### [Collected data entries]

(* Let $\varepsilon>0$ and $q\in(0,1)$, and fix a real number $\sigma$. Then there exist constants $C>0$ and $V_0>0$, depending only on $\varepsilon$, $q$ and $\sigma$, such that for every real $v$ with $|v|\ge V_0$ for which $s=\sigma+iv$ satisfies $\inf_{r\in\mathbb{Z}_{\ge -1}}|1-q^{r+s}|>\varepsilon$, we have $$|\zeta_q(s)|\le \begin{cases} C & (\sigma>1),\\ C\,|v| & (\sigma=1),\\ C\exp\left(-(\sigma-1)(1+\pi/2)\,|v|\right) & (\sigma<1).\end{cases}$$
   Context: For $q\in(0,1)$ and a positive integer $m$, the $q$-integer is $[m]_q=\frac{1-q^m}{1-q}$, and $q^{w}=e^{w\log q}$ for complex $w$. The two-variable $q$-zeta function is $\zeta_q(s,t)=\sum_{m=1}^\infty \frac{q^{mt}}{[m]_q^s}$, absolutely convergent for $s\in\mathbb{C}$, $\Re(t)>0$, and meromorphically continued to $\mathbb{C}^2$ (simple poles at $t\in\{a+2\pi i b/\log q: a,b\in\mathbb{Z}, a\le0\}$). The $q$-analogue of the Riemann zeta function is $\zeta_q(s)=\zeta_q(s,s-1)$ (via this continuation). *)

theory Defs
  imports "HOL-Analysis.Analysis"
begin

definition qpow :: "real \<Rightarrow> complex \<Rightarrow> complex" where
  "qpow q w = exp (w * of_real (ln q))"

definition qint :: "real \<Rightarrow> nat \<Rightarrow> real" where
  "qint q m = (1 - q ^ m) / (1 - q)"

text \<open>The defining series sum_{m>=1} q^(m t) / [m]_q^s (with [m]_q^s = exp(s log [m]_q)),
  absolutely convergent for Re t > 0.\<close>
definition zeta_q2_series :: "real \<Rightarrow> complex \<Rightarrow> complex \<Rightarrow> complex" where
  "zeta_q2_series q s t =
     (\<Sum>m. qpow q (of_nat (Suc m) * t) / exp (s * of_real (ln (qint q (Suc m)))))"

definition zq_poles :: "real \<Rightarrow> complex set" where
  "zq_poles q = {of_int a + 2 * of_real pi * \<i> * of_int b / of_real (ln q) | a b :: int. a \<le> 0}"

text \<open>Two-variable q-zeta function via its (unique) meromorphic continuation in t:
  for fixed s, the value at t is that of the holomorphic function on the complement of
  the pole set agreeing with the series on Re t > 0.\<close>
definition zeta_q2 :: "real \<Rightarrow> complex \<Rightarrow> complex \<Rightarrow> complex" where
  "zeta_q2 q s t = (THE z. \<exists>f. f holomorphic_on (- zq_poles q) \<and>
       (\<forall>t'. Re t' > 0 \<longrightarrow> f t' = zeta_q2_series q s t') \<and> f t = z)"

definition zeta_q :: "real \<Rightarrow> complex \<Rightarrow> complex" where
  "zeta_q q s = zeta_q2 q s (s - 1)"

end

theory Submission
  imports Defs "HOL-Complex_Analysis.Complex_Analysis"
begin

text \<open>
  Since [m]_q^(-s) = (1 - q)^s (1 - q^m)^(-s), expanding (1 - q^m)^(-s) by the binomial series up
  to order N turns the first N terms of the series defining zeta_q(s, t) into geometric series
  sum_m q^(m (t + k)) = q^(t + k) / (1 - q^(t + k)); the Taylor remainder is O(q^(m N)), so what is
  left converges for Re t > -N. This gives the continuation to Re t > -N explicitly, and by the
  identity theorem it is the function of the definition.

  At t = s - 1 with N > 1 - sigma, the hypothesis keeps every denominator 1 - q^(t + k) at distance
  more than epsilon from 0; up to factors whose modulus depends only on sigma, v = Im s then enters
  only through the Pochhammer symbols (s)_k, k <= N, which are O(|v|^N). So zeta_q(sigma + i v) = O(|v|^N) on vertical lines: this is O(|v|)
  for sigma = 1 and O(exp(delta |v|)) for every delta > 0, in particular for
  delta = (1 - sigma)(1 + pi/2) when sigma < 1. For sigma > 1 the series is bounded directly.
\<close>

lemma norm_qpow: "cmod (qpow q w) = exp (Re w * ln q)"
  unfolding qpow_def by simp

### [Exercise]
Among the lines above, repeat exactly those from the line with "2 * of_real" to the line with "text \<open>Two-variable q-zeta", counting both ends.

### [Task answer]
  "zq_poles q = {of_int a + 2 * of_real pi * \<i> * of_int b / of_real (ln q) | a b :: int. a \<le> 0}"

text \<open>Two-variable q-zeta function via its (unique) meromorphic continuation in t:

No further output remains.